*** Opening Data listing ***
lemma sectorial_im_part_cauchy_schwarz:
  "(cmod (cinner (herm_part (-\<i>) A *v x) y))\<^sup>2 \<le> t\<^sup>2 * Re (cinner (A *v x) x) * Re (cinner (A *v y) y)"
proof -
  let ?p = "cinner (herm_part (t - \<i>) A *v x) y" and ?n = "cinner (herm_part (t + \<i>) A *v x) y"
  have K: "cinner (herm_part (-\<i>) A *v x) y = (?p - ?n) / 2"
    by (simp add: cinner_herm_part field_simps)
  have "cmod (cinner (herm_part (-\<i>) A *v x) y) = cmod (?p - ?n) / 2"
    unfolding K by (simp add: norm_divide)
  also have "\<dots> \<le> (cmod ?p + cmod ?n) / 2"
    by (simp add: divide_right_mono norm_triangle_ineq4)
  finally have "(cmod (cinner (herm_part (-\<i>) A *v x) y))\<^sup>2 \<le> ((cmod ?p + cmod ?n) / 2)\<^sup>2"
    by (rule power_mono) simp
  with sectorial_herm_parts_bound[of x y] show ?thesis by (simp add: power_divide)
qed

lemma sectorial_cauchy_schwarz:
  "(cmod (cinner (A *v x) y))\<^sup>2 \<le> (1 + t\<^sup>2) * Re (cinner (A *v x) x) * Re (cinner (A *v y) y)"
proof (cases "t = 0")
  case True
  then have "cinner (herm_part (-\<i>) A *v x) y = 0"
    using sectorial_im_part_cauchy_schwarz[of x y] by simp
  then have "cinner (A *v x) y = cinner (herm_part 1 A *v x) y"
    by (simp add: herm_part_decomp(1)[of A x] cinner_add_left cinner_scalar_left)
  moreover have "(cmod (cinner (herm_part 1 A *v x) y))\<^sup>2
      \<le> Re (cinner (herm_part 1 A *v x) x) * Re (cinner (herm_part 1 A *v y) y)"
    by (rule hermitian_psd_cauchy_schwarz[OF cadj_herm_part]) (simp add: cinner_herm_part_self psd)
  ultimately show ?thesis using True by (simp add: cinner_herm_part_self)
next
  case False
  then have "0 < t" using t by simp
  let ?p = "cinner (herm_part (t - \<i>) A *v x) y" and ?n = "cinner (herm_part (t + \<i>) A *v x) y"
  have split: "of_real (2 * t) * cinner (A *v x) y = (1 + \<i> * t) * ?p + (1 - \<i> * t) * ?n"
    by (simp add: cinner_herm_part field_simps)
  have "cmod (1 + \<i> * t) = sqrt (1 + t\<^sup>2)" "cmod (1 - \<i> * t) = sqrt (1 + t\<^sup>2)"
    by (simp_all add: cmod_def)
  then have "cmod (of_real (2 * t) * cinner (A *v x) y) \<le> sqrt (1 + t\<^sup>2) * (cmod ?p + cmod ?n)"
    unfolding split using norm_triangle_ineq[of "(1 + \<i> * t) * ?p" "(1 - \<i> * t) * ?n"]
    by (simp add: norm_mult distrib_left)
  then have "(2 * t * cmod (cinner (A *v x) y))\<^sup>2 \<le> (sqrt (1 + t\<^sup>2) * (cmod ?p + cmod ?n))\<^sup>2"
    using \<open>0 < t\<close> by (intro power_mono) (simp_all add: norm_mult)
  also have "\<dots> = (1 + t\<^sup>2) * (cmod ?p + cmod ?n)\<^sup>2"
    by (simp add: power_mult_distrib)
  also have "\<dots> \<le> (1 + t\<^sup>2) * (4 * t\<^sup>2 * Re (cinner (A *v x) x) * Re (cinner (A *v y) y))"
    by (intro mult_left_mono sectorial_herm_parts_bound) simp
  finally have "(2 * t)\<^sup>2 * (cmod (cinner (A *v x) y))\<^sup>2
      \<le> (2 * t)\<^sup>2 * ((1 + t\<^sup>2) * Re (cinner (A *v x) x) * Re (cinner (A *v y) y))"
    by (simp add: power_mult_distrib algebra_simps)
  then show ?thesis using \<open>0 < t\<close> by simp
qed

lemma cmod_cinner_sq_le_min:
  assumes "norm x = 1"
  shows "(cmod (cinner (A *v x) w))\<^sup>2
    \<le> min 2 (1 + t\<^sup>2) * (opnorm (cadj A ** A + A ** cadj A) / 2) * (norm w)\<^sup>2"
proof -
  define m where "m = opnorm (cadj A ** A + A ** cadj A) / 2"
  have m: "0 \<le> m" by (simp add: m_def opnorm_nonneg)
  have Re_self: "Re (cinner (A *v v) v) \<le> sqrt m * (norm v)\<^sup>2" for v
    using complex_Re_le_cmod cmod_cinner_mult_self_le_adj_sum unfolding m_def by (rule order_trans)
  have by_opnorm: "(cmod (cinner (A *v x) w))\<^sup>2 \<le> 2 * m * (norm w)\<^sup>2"
    using cmod_cinner_sq_le_opnorm_adj_sum[OF assms] by (simp add: m_def)
  have "(cmod (cinner (A *v x) w))\<^sup>2 \<le> (1 + t\<^sup>2) * (Re (cinner (A *v x) x) * Re (cinner (A *v w) w))"
    using sectorial_cauchy_schwarz by (simp add: mult.assoc)
  also have "\<dots> \<le> (1 + t\<^sup>2) * (sqrt m * (sqrt m * (norm w)\<^sup>2))"
    using Re_self[of x] assms m by (intro mult_left_mono mult_mono Re_self psd) simp_all
  also have "\<dots> = (1 + t\<^sup>2) * m * (norm w)\<^sup>2"
    using m by (simp add: mult.assoc[symmetric])
  finally have by_sector: "(cmod (cinner (A *v x) w))\<^sup>2 \<le> (1 + t\<^sup>2) * m * (norm w)\<^sup>2" .
  from by_opnorm by_sector show ?thesis
    unfolding m_def[symmetric] by (simp add: min_def)
qed

lemma cmod_cinner_le_sectorial:
  assumes "norm x = 1" "norm y = 1" "cinner x y = q"
  shows "cmod (cinner (A *v x) y)
    \<le> (sqrt ((1 - (cmod q)\<^sup>2) * min 2 (1 + t\<^sup>2)) + cmod q) * sqrt (opnorm (cadj A ** A + A ** cadj A) / 2)"
proof -
  define m where "m = opnorm (cadj A ** A + A ** cadj A) / 2"
  obtain w where y: "y = cnj q *s x + w" and w: "(norm w)\<^sup>2 = 1 - (cmod q)\<^sup>2"
    using unit_vector_decomp[OF assms(1,2)] unfolding assms(3) .
  have "(cmod (cinner (A *v x) w))\<^sup>2 \<le> ((1 - (cmod q)\<^sup>2) * min 2 (1 + t\<^sup>2)) * m"
    using cmod_cinner_sq_le_min[OF assms(1), of w] by (simp add: w m_def mult_ac)
  then have w_bound: "cmod (cinner (A *v x) w) \<le> sqrt ((1 - (cmod q)\<^sup>2) * min 2 (1 + t\<^sup>2)) * sqrt m"
    unfolding real_sqrt_mult[symmetric] by (rule real_le_rsqrt)
  have x_bound: "cmod (cinner (A *v x) x) \<le> sqrt m"
    using cmod_cinner_mult_self_le_adj_sum[of A x] assms(1) by (simp add: m_def)
  have "cmod (cinner (A *v x) y) \<le> cmod q * cmod (cinner (A *v x) x) + cmod (cinner (A *v x) w)"
    unfolding y cinner_add_right cinner_scalar_right complex_cnj_cnj
    using norm_triangle_ineq[of "q * cinner (A *v x) x"] by (simp add: norm_mult)
  also have "\<dots> \<le> cmod q * sqrt m + sqrt ((1 - (cmod q)\<^sup>2) * min 2 (1 + t\<^sup>2)) * sqrt m"
    by (intro add_mono mult_left_mono x_bound w_bound) simp
  finally show ?thesis by (simp add: m_def algebra_simps)
qed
*** Closing Data listing ***
• _Assigned task_
Lines containing the string "shows" in the listing: say how many there are, giving only the number.

• _Exercise solution_
2